[Data entries]
_ _ _ _ _ _ _

lemma prob_Ssum_minus_Usum_ge_le:
  assumes "\<And>j. j < m \<Longrightarrow> A j i \<ge> 0" and "0 < \<epsilon>" "\<epsilon> < 1"
  shows "measure_pmf.prob (tdist \<epsilon> T) {ts. Ssum A m n \<epsilon> T ts i - Usum A m n \<epsilon> T ts i \<ge> \<epsilon> * real T}
           \<le> exp (- (2 * \<epsilon>\<^sup>2 * real T / (real (wpar \<epsilon>) * (1 + \<epsilon>))\<^sup>2))"
proof -
  define D where "D = (real (wpar \<epsilon>) * (1 + \<epsilon>))\<^sup>2"
  define l where "l = 4 * \<epsilon> / D"
  define F where "F ts = (\<Sum>k<T. l * SU_increment A m n \<epsilon> i k ts)" for ts
  have "D > 0"
    using assms wpar_pos by (simp add: D_def)
  then have "l > 0"
    using assms by (simp add: l_def)
  have mgf: "(\<integral>\<^sup>+ts. ennreal (exp (F ts)) \<partial>tdist \<epsilon> T) \<le> ennreal (exp (l\<^sup>2 * D / 8)) ^ T"
    unfolding tdist_def F_def D_def using assms \<open>l > 0\<close>
    by (intro nn_integral_Pi_pmf_exp_sum_le SU_increment_mgf_le arg_cong[where f = "(*) l"]
        SU_increment_cong_prefix) auto
  have "emeasure (tdist \<epsilon> T) {ts. Ssum A m n \<epsilon> T ts i - Usum A m n \<epsilon> T ts i \<ge> \<epsilon> * real T}
      = emeasure (tdist \<epsilon> T) {ts \<in> UNIV. F ts \<ge> l * (\<epsilon> * real T)}"
    using \<open>l > 0\<close> by (simp add: Ssum_minus_Usum_eq F_def sum_distrib_left[symmetric])
  also have "\<dots> \<le> ennreal (exp (- (l * (\<epsilon> * real T)))) * (\<integral>\<^sup>+ts. ennreal (exp (F ts)) \<partial>tdist \<epsilon> T)"
    using Chernoff_ineq_nn_integral_ge[of 1 UNIV "tdist \<epsilon> T" F "l * (\<epsilon> * real T)"] by simp
  also have "\<dots> \<le> ennreal (exp (- (l * (\<epsilon> * real T)))) * ennreal (exp (l\<^sup>2 * D / 8)) ^ T"
    by (intro mult_left_mono mgf) simp
  also have "\<dots> = ennreal (exp (- (l * (\<epsilon> * real T)) + real T * (l\<^sup>2 * D / 8)))"
    by (simp add: ennreal_power ennreal_mult'[symmetric] exp_of_nat_mult[symmetric] mult_exp_exp
        algebra_simps)
  also have "- (l * (\<epsilon> * real T)) + real T * (l\<^sup>2 * D / 8) = - (2 * \<epsilon>\<^sup>2 * real T / D)"
    using \<open>D > 0\<close> by (simp add: l_def power2_eq_square field_simps)
  finally show ?thesis
    by (simp add: D_def measure_pmf.emeasure_eq_measure)
qed

theorem lemma4p3:
  fixes A :: "nat \<Rightarrow> nat \<Rightarrow> real" and m n T i :: nat and \<epsilon> :: real
  assumes nonneg: "\<And>j i. j < m \<Longrightarrow> i < n \<Longrightarrow> A j i \<ge> 0"
    and nozero: "\<And>i. i < n \<Longrightarrow> \<exists>j<m. A j i \<noteq> 0"
    and normalized: "n > 0 \<Longrightarrow> Min ((\<lambda>i. colnorm A m i) ` {..<n}) = 1"
    and eps: "0 < \<epsilon>" "\<epsilon> \<le> 1/2"
    and T: "real T \<ge> 2 * real (wpar \<epsilon>)^2 * ln (real n / \<epsilon>) / \<epsilon>^2"
    and i: "i < n"
  shows "measure_pmf.prob (tdist \<epsilon> T) {ts. Ssum A m n \<epsilon> T ts i - Usum A m n \<epsilon> T ts i \<ge> \<epsilon> * real T}
           \<le> \<epsilon> / real n"
proof -
  define w where "w = real (wpar \<epsilon>)"
  define L where "L = ln (real n / \<epsilon>)"
  have "w > 0" "L \<ge> 0"
    using eps i wpar_pos by (auto simp: w_def L_def field_simps)
  have "measure_pmf.prob (tdist \<epsilon> T)
          {ts. Ssum A m n \<epsilon> T ts i - Usum A m n \<epsilon> T ts i \<ge> \<epsilon> * real T}
      \<le> exp (- (2 * \<epsilon>\<^sup>2 * real T / (w * (1 + \<epsilon>))\<^sup>2))"
    unfolding w_def using nonneg i eps by (intro prob_Ssum_minus_Usum_ge_le) auto
  also have "\<dots> \<le> exp (- L)"
    using tail_exponent_ge[of \<epsilon> w L "real T"] T eps \<open>w > 0\<close> \<open>L \<ge> 0\<close> by (simp add: w_def L_def)
  also have "\<dots> = \<epsilon> / real n"
    using eps i by (simp add: L_def exp_minus)
  finally show ?thesis .
qed

end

_ _ _ _ _ _ _

# Task requirements
Where the line containing "algebra_simps)" appears in the data above, begin there and reproduce every line to the end exactly; include nothing else.

# Task solution
        algebra_simps)
  also have "- (l * (\<epsilon> * real T)) + real T * (l\<^sup>2 * D / 8) = - (2 * \<epsilon>\<^sup>2 * real T / D)"
    using \<open>D > 0\<close> by (simp add: l_def power2_eq_square field_simps)
  finally show ?thesis
    by (simp add: D_def measure_pmf.emeasure_eq_measure)
qed

theorem lemma4p3:
  fixes A :: "nat \<Rightarrow> nat \<Rightarrow> real" and m n T i :: nat and \<epsilon> :: real
  assumes nonneg: "\<And>j i. j < m \<Longrightarrow> i < n \<Longrightarrow> A j i \<ge> 0"
    and nozero: "\<And>i. i < n \<Longrightarrow> \<exists>j<m. A j i \<noteq> 0"
    and normalized: "n > 0 \<Longrightarrow> Min ((\<lambda>i. colnorm A m i) ` {..<n}) = 1"
    and eps: "0 < \<epsilon>" "\<epsilon> \<le> 1/2"
    and T: "real T \<ge> 2 * real (wpar \<epsilon>)^2 * ln (real n / \<epsilon>) / \<epsilon>^2"
    and i: "i < n"
  shows "measure_pmf.prob (tdist \<epsilon> T) {ts. Ssum A m n \<epsilon> T ts i - Usum A m n \<epsilon> T ts i \<ge> \<epsilon> * real T}
           \<le> \<epsilon> / real n"
proof -
  define w where "w = real (wpar \<epsilon>)"
  define L where "L = ln (real n / \<epsilon>)"
  have "w > 0" "L \<ge> 0"
    using eps i wpar_pos by (auto simp: w_def L_def field_simps)
  have "measure_pmf.prob (tdist \<epsilon> T)
          {ts. Ssum A m n \<epsilon> T ts i - Usum A m n \<epsilon> T ts i \<ge> \<epsilon> * real T}
      \<le> exp (- (2 * \<epsilon>\<^sup>2 * real T / (w * (1 + \<epsilon>))\<^sup>2))"
    unfolding w_def using nonneg i eps by (intro prob_Ssum_minus_Usum_ge_le) auto
  also have "\<dots> \<le> exp (- L)"
    using tail_exponent_ge[of \<epsilon> w L "real T"] T eps \<open>w > 0\<close> \<open>L \<ge> 0\<close> by (simp add: w_def L_def)
  also have "\<dots> = \<epsilon> / real n"
    using eps i by (simp add: L_def exp_minus)
  finally show ?thesis .
qed

end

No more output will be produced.